*** Opening of RECORDED DATA ***

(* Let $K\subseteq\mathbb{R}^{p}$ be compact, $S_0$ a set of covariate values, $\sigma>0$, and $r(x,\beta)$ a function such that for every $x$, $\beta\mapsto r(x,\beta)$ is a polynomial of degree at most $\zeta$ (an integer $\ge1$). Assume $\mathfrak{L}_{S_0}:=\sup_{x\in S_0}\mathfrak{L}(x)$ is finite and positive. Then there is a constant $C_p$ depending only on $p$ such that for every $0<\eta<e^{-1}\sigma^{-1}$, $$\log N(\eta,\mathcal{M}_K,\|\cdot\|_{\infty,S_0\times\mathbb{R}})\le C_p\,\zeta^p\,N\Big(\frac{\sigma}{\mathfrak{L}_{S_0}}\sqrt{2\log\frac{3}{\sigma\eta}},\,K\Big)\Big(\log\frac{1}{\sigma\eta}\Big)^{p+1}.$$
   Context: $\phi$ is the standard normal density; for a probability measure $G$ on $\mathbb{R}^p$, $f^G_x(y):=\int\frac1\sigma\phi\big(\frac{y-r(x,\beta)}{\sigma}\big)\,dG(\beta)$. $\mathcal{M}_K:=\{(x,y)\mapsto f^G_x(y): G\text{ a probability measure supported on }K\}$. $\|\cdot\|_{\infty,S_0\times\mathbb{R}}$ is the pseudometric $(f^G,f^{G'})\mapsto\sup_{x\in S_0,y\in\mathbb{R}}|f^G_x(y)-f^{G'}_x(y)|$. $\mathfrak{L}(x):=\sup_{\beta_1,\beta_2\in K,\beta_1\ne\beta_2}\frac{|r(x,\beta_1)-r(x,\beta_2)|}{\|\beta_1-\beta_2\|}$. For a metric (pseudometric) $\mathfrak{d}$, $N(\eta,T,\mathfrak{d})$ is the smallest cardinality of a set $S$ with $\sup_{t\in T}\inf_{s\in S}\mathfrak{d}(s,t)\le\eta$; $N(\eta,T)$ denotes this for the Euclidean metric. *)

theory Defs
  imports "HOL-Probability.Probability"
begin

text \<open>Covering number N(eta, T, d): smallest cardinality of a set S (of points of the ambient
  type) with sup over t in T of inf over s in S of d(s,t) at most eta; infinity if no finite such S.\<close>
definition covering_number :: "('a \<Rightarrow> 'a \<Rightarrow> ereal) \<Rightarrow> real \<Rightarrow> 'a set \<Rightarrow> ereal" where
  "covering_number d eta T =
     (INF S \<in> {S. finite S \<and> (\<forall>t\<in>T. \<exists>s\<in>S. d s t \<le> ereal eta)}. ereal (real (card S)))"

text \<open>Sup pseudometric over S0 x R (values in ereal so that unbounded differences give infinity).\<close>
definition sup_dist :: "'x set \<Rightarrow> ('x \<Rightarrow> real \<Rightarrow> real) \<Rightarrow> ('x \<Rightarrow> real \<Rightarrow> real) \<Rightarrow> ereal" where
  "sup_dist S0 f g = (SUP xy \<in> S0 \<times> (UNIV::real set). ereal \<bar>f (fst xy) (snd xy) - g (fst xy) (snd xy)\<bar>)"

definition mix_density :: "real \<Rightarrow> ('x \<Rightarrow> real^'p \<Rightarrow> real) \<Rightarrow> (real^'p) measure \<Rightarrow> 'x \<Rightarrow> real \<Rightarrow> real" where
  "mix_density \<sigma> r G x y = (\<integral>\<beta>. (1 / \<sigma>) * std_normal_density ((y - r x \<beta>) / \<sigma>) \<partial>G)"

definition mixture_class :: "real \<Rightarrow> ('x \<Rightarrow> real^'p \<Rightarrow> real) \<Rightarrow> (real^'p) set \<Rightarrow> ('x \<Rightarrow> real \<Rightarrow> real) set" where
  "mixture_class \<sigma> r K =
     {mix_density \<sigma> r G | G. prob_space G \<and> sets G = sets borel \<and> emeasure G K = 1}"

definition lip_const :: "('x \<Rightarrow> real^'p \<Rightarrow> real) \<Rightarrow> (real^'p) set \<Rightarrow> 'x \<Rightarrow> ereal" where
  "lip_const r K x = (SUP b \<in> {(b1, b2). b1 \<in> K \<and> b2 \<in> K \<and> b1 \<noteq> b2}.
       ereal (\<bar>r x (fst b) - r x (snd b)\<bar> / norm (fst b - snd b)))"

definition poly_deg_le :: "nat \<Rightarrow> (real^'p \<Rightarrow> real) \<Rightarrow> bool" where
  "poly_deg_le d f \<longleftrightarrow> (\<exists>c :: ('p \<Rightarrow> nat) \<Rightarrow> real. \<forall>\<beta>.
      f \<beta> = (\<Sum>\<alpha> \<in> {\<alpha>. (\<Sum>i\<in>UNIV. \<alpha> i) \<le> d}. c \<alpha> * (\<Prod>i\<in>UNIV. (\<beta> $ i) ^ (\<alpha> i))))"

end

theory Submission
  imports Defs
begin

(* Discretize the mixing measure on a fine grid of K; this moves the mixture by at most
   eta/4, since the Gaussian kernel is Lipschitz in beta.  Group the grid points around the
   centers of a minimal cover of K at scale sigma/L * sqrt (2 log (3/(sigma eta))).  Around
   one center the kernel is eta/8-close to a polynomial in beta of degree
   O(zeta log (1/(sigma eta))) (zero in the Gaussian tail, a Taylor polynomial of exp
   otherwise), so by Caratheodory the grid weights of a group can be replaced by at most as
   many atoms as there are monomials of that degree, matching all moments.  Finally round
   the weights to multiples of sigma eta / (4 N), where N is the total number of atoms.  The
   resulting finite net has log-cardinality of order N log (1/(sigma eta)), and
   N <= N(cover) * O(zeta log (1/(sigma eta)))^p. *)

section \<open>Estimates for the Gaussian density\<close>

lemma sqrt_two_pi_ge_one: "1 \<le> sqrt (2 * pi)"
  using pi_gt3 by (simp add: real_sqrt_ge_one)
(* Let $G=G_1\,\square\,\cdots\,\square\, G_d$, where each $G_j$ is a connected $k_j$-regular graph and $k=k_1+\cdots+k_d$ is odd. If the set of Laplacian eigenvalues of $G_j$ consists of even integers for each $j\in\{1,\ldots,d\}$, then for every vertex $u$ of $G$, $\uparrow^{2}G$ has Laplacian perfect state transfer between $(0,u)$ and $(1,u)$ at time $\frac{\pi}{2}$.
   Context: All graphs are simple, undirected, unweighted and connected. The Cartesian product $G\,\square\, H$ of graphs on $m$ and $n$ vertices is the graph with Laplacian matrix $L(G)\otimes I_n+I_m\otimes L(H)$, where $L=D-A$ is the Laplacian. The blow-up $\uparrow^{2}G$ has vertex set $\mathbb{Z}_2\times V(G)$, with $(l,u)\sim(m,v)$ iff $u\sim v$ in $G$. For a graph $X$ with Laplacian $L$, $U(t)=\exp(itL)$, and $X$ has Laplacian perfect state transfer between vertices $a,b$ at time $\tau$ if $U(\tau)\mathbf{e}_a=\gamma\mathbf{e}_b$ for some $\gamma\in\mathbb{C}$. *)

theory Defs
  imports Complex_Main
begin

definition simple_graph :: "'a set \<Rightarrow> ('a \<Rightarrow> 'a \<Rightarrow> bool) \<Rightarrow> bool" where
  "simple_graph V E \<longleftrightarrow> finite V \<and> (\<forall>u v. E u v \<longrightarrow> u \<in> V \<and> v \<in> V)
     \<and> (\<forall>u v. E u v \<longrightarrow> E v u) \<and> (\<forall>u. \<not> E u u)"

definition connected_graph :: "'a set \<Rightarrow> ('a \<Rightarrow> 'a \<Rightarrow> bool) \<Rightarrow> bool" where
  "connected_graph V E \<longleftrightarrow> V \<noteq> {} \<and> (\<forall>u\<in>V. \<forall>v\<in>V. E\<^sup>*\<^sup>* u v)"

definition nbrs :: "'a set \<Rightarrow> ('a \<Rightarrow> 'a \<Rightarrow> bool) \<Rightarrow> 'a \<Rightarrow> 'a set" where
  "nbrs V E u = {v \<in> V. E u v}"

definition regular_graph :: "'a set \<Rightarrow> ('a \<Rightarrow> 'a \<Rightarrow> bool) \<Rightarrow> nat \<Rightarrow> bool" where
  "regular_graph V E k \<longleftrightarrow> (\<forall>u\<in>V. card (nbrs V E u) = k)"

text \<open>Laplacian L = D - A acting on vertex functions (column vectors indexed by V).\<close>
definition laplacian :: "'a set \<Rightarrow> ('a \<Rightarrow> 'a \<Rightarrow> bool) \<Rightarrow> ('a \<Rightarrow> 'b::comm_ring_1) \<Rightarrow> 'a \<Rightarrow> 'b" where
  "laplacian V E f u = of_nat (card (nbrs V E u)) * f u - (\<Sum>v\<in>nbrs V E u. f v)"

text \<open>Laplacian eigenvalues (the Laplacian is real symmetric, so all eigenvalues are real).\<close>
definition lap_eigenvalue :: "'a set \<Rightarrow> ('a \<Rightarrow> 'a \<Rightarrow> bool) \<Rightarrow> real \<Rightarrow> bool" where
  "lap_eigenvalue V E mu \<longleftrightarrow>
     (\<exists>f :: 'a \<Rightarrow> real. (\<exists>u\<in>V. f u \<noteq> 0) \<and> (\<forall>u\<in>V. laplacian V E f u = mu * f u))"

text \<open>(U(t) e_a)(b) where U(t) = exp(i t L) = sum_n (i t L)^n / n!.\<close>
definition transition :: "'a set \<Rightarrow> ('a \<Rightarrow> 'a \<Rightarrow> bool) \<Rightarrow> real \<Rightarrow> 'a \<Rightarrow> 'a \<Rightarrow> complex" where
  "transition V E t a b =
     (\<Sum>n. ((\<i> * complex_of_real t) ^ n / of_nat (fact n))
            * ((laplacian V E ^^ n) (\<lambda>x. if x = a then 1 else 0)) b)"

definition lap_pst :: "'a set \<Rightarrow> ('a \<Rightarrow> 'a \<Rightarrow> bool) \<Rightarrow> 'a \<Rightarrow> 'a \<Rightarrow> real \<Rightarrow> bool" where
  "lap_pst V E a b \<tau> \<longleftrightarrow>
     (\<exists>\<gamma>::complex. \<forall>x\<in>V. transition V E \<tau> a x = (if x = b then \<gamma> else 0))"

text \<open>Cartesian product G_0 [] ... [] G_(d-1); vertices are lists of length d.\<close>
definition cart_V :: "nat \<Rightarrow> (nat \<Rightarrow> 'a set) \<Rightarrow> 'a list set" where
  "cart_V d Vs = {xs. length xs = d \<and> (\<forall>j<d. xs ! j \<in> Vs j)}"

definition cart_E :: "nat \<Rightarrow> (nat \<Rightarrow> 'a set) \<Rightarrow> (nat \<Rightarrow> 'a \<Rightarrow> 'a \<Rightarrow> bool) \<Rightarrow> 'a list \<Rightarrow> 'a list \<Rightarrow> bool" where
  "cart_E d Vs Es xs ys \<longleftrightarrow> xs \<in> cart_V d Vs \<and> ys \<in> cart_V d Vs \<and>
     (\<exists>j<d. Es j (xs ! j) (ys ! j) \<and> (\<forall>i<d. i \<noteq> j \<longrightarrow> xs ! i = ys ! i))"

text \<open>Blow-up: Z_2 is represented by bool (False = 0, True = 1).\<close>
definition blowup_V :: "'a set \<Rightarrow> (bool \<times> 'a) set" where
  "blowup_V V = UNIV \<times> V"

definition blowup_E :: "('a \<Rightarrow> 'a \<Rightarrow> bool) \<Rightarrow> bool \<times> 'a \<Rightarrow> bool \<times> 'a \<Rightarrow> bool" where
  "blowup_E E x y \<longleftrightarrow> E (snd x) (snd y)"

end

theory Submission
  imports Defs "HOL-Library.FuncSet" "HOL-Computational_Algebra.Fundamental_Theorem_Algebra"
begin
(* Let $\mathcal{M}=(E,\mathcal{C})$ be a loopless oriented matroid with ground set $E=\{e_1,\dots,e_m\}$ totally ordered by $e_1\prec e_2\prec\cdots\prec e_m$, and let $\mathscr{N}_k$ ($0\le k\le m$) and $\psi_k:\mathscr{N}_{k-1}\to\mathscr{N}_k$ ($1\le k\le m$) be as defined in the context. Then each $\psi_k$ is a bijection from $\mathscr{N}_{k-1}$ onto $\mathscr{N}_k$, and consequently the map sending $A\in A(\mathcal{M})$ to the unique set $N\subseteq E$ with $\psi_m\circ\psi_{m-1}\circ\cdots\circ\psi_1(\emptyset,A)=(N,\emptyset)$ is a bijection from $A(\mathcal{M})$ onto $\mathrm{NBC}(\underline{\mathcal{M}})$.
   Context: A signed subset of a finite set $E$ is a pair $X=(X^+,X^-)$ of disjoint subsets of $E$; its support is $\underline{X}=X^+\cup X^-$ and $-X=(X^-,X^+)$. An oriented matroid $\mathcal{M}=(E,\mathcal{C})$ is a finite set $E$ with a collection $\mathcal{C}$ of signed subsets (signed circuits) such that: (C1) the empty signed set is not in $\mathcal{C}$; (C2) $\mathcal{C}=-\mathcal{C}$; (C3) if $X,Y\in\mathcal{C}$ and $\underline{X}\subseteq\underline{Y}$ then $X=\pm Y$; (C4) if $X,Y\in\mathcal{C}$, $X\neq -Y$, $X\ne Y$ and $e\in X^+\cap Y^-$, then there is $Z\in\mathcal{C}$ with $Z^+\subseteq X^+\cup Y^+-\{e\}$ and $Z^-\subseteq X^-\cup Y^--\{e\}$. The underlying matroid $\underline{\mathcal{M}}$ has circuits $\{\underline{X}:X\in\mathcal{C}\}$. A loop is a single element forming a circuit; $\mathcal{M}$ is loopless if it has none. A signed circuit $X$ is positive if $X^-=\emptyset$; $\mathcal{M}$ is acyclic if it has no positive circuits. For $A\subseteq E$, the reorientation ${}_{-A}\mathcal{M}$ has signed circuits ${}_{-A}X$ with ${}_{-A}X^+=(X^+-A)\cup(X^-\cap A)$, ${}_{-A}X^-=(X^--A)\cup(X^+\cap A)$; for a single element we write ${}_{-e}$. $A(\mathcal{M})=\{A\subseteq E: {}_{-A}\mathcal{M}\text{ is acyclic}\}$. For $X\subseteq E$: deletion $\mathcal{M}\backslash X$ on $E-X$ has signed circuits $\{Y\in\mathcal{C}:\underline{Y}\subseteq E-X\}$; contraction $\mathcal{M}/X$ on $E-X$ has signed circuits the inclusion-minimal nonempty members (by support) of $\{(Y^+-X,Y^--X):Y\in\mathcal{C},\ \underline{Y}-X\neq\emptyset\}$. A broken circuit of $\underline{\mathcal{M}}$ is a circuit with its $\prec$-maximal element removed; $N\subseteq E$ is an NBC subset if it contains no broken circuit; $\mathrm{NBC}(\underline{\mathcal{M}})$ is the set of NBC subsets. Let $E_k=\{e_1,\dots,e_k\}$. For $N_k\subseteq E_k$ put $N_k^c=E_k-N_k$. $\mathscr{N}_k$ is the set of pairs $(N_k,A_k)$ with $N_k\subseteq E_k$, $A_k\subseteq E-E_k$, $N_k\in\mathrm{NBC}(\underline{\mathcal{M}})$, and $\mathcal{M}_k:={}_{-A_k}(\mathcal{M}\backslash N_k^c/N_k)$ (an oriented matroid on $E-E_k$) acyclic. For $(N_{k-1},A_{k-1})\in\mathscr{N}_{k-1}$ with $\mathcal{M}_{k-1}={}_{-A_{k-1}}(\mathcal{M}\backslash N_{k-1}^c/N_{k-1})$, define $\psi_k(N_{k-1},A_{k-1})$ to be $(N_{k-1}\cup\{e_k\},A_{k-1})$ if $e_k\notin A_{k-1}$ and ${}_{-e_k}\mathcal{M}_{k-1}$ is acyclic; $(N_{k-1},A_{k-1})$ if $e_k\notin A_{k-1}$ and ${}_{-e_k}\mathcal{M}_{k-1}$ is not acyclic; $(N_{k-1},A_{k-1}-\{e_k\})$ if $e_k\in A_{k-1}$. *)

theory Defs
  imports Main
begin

*** Close of RECORDED DATA ***

» **YOUR OBJECTIVE**
From the listing above, repeat exactly the lines starting at the line that includes "(INF S \<in>" and ending at the line that includes "text \<open>Sup pseudometric", with nothing outside that span.

» **WRITTEN ANSWER**
     (INF S \<in> {S. finite S \<and> (\<forall>t\<in>T. \<exists>s\<in>S. d s t \<le> ereal eta)}. ereal (real (card S)))"

text \<open>Sup pseudometric over S0 x R (values in ereal so that unbounded differences give infinity).\<close>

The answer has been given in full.